[Recorded data]
(* Let $T$ be a theory. Then \[ \mathrm{SI}^\omega(\mathit{sk}^\exists(T)) \equiv \mathrm{SA}_{L(T)} + T + \mathrm{IND}(\mathit{sk}^\omega(L(T))), \] i.e. each theory derives all axioms of the other.
   Context: First-order logic with equality. Skolem symbols: for a language $L$, $\mathfrak{s}_{Qx\varphi}$ ($Q\in\{\forall,\exists\}$, $\varphi$ an $L$ formula) is a new function symbol of arity $|\mathrm{FV}(Qx\varphi)|$; $\mathit{sk}(L)=L$ plus all these symbols, $\mathit{sk}^\omega(L)=\bigcup_i\mathit{sk}^i(L)$. $\mathit{sk}^\exists,\mathit{sk}^\forall$: $\mathit{sk}^Q$ fixes atoms, commutes with $\wedge,\vee$, $\mathit{sk}^Q(\neg A)=\neg\mathit{sk}^{\overline Q}(A)$, $\mathit{sk}^Q(QxA(x,\vec y))=\mathit{sk}^Q(A(\mathfrak{s}_{QxA}(\vec y),\vec y))$ ($\vec y$ exactly the free variables of $QxA$), $\mathit{sk}^Q(\overline QxA)=\overline Qx\,\mathit{sk}^Q(A)$; elementwise on sets. $\mathrm{SA}_L$: universal closures of $\exists x\varphi(x,\vec y)\to\varphi(\mathfrak{s}_{\exists x\varphi}(\vec y),\vec y)$ and $\varphi(\mathfrak{s}_{\forall x\varphi}(\vec y),\vec y)\to\forall x\varphi(x,\vec y)$ for all $\mathit{sk}^\omega(L)$ formulas $\varphi$. $I_x\varphi=\forall\vec z(\varphi(0,\vec z)\wedge\forall x(\varphi(x,\vec z)\to\varphi(s(x),\vec z))\to\forall x\varphi(x,\vec z))$; $\mathrm{IND}(L)=\{I_x\varphi:\varphi$ an $L$ formula$\}$. $\mathrm{SI}(T)=T+\mathit{sk}^\exists(\mathrm{IND}(L(T)))$, $\mathrm{SI}^\omega(T)=\bigcup_i\mathrm{SI}^i(T)$. *)

theory Defs
  imports Main
begin

datatype 'f trm = Var nat | Fn 'f "'f trm list"

datatype ('f, 'p) fm =
    Eq "'f trm" "'f trm"
  | Pred 'p "'f trm list"
  | Neg "('f, 'p) fm"
  | Conj "('f, 'p) fm" "('f, 'p) fm"
  | Disj "('f, 'p) fm" "('f, 'p) fm"
  | All nat "('f, 'p) fm"
  | Ex nat "('f, 'p) fm"

text \<open>Function symbols: the constant 0, the successor s, base symbols of the
  original language (a base symbol carries its arity), and Skolem symbols
  indexed by the quantified formula \<open>Q x \<phi>\<close> they belong to.\<close>
datatype ('f, 'p) fsym =
    Zero
  | Succ
  | Base 'f nat
  | Sk "(('f, 'p) fsym, 'p) fm"

type_synonym ('f, 'p) sterm = "('f, 'p) fsym trm"
type_synonym ('f, 'p) form = "(('f, 'p) fsym, 'p) fm"

fun fvt :: "'f trm \<Rightarrow> nat set" where
  "fvt (Var n) = {n}"
| "fvt (Fn f ts) = (\<Union>t\<in>set ts. fvt t)"

fun fv :: "('f, 'p) fm \<Rightarrow> nat set" where
  "fv (Eq s t) = fvt s \<union> fvt t"
| "fv (Pred p ts) = (\<Union>t\<in>set ts. fvt t)"
| "fv (Neg A) = fv A"
| "fv (Conj A B) = fv A \<union> fv B"
| "fv (Disj A B) = fv A \<union> fv B"
| "fv (All x A) = fv A - {x}"
| "fv (Ex x A) = fv A - {x}"

fun substt :: "(nat \<Rightarrow> 'f trm) \<Rightarrow> 'f trm \<Rightarrow> 'f trm" where
  "substt \<sigma> (Var n) = \<sigma> n"
| "substt \<sigma> (Fn f ts) = Fn f (map (substt \<sigma>) ts)"

definition fresh_bv :: "nat \<Rightarrow> nat set \<Rightarrow> ('f, 'p) fm \<Rightarrow> nat" where
  "fresh_bv x V A = (if x \<notin> V then x else Suc (Max (V \<union> fv A)))"

fun subst :: "(nat \<Rightarrow> 'f trm) \<Rightarrow> ('f, 'p) fm \<Rightarrow> ('f, 'p) fm" where
  "subst \<sigma> (Eq s t) = Eq (substt \<sigma> s) (substt \<sigma> t)"
| "subst \<sigma> (Pred p ts) = Pred p (map (substt \<sigma>) ts)"
| "subst \<sigma> (Neg A) = Neg (subst \<sigma> A)"
| "subst \<sigma> (Conj A B) = Conj (subst \<sigma> A) (subst \<sigma> B)"
| "subst \<sigma> (Disj A B) = Disj (subst \<sigma> A) (subst \<sigma> B)"
| "subst \<sigma> (All x A) =
     (let y = fresh_bv x (\<Union>z\<in>fv A - {x}. fvt (\<sigma> z)) A
      in All y (subst (\<sigma>(x := Var y)) A))"
| "subst \<sigma> (Ex x A) =
     (let y = fresh_bv x (\<Union>z\<in>fv A - {x}. fvt (\<sigma> z)) A
      in Ex y (subst (\<sigma>(x := Var y)) A))"

definition inst1 :: "('f, 'p) fm \<Rightarrow> nat \<Rightarrow> 'f trm \<Rightarrow> ('f, 'p) fm" where
  "inst1 A x t = subst (Var(x := t)) A"

definition imp :: "('f, 'p) fm \<Rightarrow> ('f, 'p) fm \<Rightarrow> ('f, 'p) fm" where
  "imp A B = Disj (Neg A) B"

definition close :: "('f, 'p) fm \<Rightarrow> ('f, 'p) fm" where
  "close A = foldr All (sorted_list_of_set (fv A)) A"

definition sentence :: "('f, 'p) fm \<Rightarrow> bool" where
  "sentence A \<longleftrightarrow> fv A = {}"

fun arity :: "('f, 'p) fsym \<Rightarrow> nat" where
  "arity Zero = 0"
| "arity Succ = 1"
| "arity (Base f n) = n"
| "arity (Sk \<phi>) = card (fv \<phi>)"

definition skt :: "('f, 'p) form \<Rightarrow> ('f, 'p) sterm" where
  "skt \<phi> = Fn (Sk \<phi>) (map Var (sorted_list_of_set (fv \<phi>)))"

fun fsz :: "('f, 'p) fm \<Rightarrow> nat" where
  "fsz (Eq s t) = 0"
| "fsz (Pred p ts) = 0"
| "fsz (Neg A) = Suc (fsz A)"
| "fsz (Conj A B) = Suc (fsz A + fsz B)"
| "fsz (Disj A B) = Suc (fsz A + fsz B)"
| "fsz (All x A) = Suc (fsz A)"
| "fsz (Ex x A) = Suc (fsz A)"

lemma fsz_subst[simp]: "fsz (subst \<sigma> A) = fsz A"
  by (induction A arbitrary: \<sigma>) (simp_all add: Let_def)

text \<open>\<open>skQ True = sk\<^sup>\<exists>\<close>, \<open>skQ False = sk\<^sup>\<forall>\<close>.\<close>
function skQ :: "bool \<Rightarrow> ('f, 'p) form \<Rightarrow> ('f, 'p) form" where
  "skQ e (Eq s t) = Eq s t"
| "skQ e (Pred p ts) = Pred p ts"
| "skQ e (Neg A) = Neg (skQ (\<not> e) A)"
| "skQ e (Conj A B) = Conj (skQ e A) (skQ e B)"
| "skQ e (Disj A B) = Disj (skQ e A) (skQ e B)"
| "skQ e (All x A) =
     (if e then All x (skQ e A) else skQ e (inst1 A x (skt (All x A))))"
| "skQ e (Ex x A) =
     (if e then skQ e (inst1 A x (skt (Ex x A))) else Ex x (skQ e A))"
  by pat_completeness auto
termination
  by (relation "measure (\<lambda>(e, A). fsz A)") (auto simp: inst1_def)

abbreviation skE :: "('f, 'p) form \<Rightarrow> ('f, 'p) form" where
  "skE \<equiv> skQ True"

record ('f, 'p) lang =
  fns :: "('f, 'p) fsym set"
  preds :: "('p \<times> nat) set"

fun wf_trm :: "('f, 'p) fsym set \<Rightarrow> ('f, 'p) sterm \<Rightarrow> bool" where
  "wf_trm F (Var n) = True"
| "wf_trm F (Fn f ts) = (f \<in> F \<and> length ts = arity f \<and> (\<forall>t\<in>set ts. wf_trm F t))"

fun wf_fm :: "('f, 'p) lang \<Rightarrow> ('f, 'p) form \<Rightarrow> bool" where
  "wf_fm L (Eq s t) = (wf_trm (fns L) s \<and> wf_trm (fns L) t)"
| "wf_fm L (Pred p ts) = ((p, length ts) \<in> preds L \<and> (\<forall>t\<in>set ts. wf_trm (fns L) t))"
| "wf_fm L (Neg A) = wf_fm L A"
| "wf_fm L (Conj A B) = (wf_fm L A \<and> wf_fm L B)"
| "wf_fm L (Disj A B) = (wf_fm L A \<and> wf_fm L B)"
| "wf_fm L (All x A) = wf_fm L A"
| "wf_fm L (Ex x A) = wf_fm L A"

definition skL :: "('f, 'p) lang \<Rightarrow> ('f, 'p) lang" where
  "skL L = L\<lparr>fns := fns L \<union> {Sk (All x A) | x A. wf_fm L A} \<union> {Sk (Ex x A) | x A. wf_fm L A}\<rparr>"

definition skw :: "('f, 'p) lang \<Rightarrow> ('f, 'p) lang" where
  "skw L = L\<lparr>fns := (\<Union>i. fns ((skL ^^ i) L))\<rparr>"

definition SA :: "('f, 'p) lang \<Rightarrow> ('f, 'p) form set" where
  "SA L =
     {close (imp (Ex x A) (inst1 A x (skt (Ex x A)))) | x A. wf_fm (skw L) A}
   \<union> {close (imp (inst1 A x (skt (All x A))) (All x A)) | x A. wf_fm (skw L) A}"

Work request: Every line above with the word "fsym" belongs in the answer, copied as written.

Solution for this task:
datatype ('f, 'p) fsym =
  | Sk "(('f, 'p) fsym, 'p) fm"
type_synonym ('f, 'p) sterm = "('f, 'p) fsym trm"
type_synonym ('f, 'p) form = "(('f, 'p) fsym, 'p) fm"
fun arity :: "('f, 'p) fsym \<Rightarrow> nat" where
  fns :: "('f, 'p) fsym set"
fun wf_trm :: "('f, 'p) fsym set \<Rightarrow> ('f, 'p) sterm \<Rightarrow> bool" where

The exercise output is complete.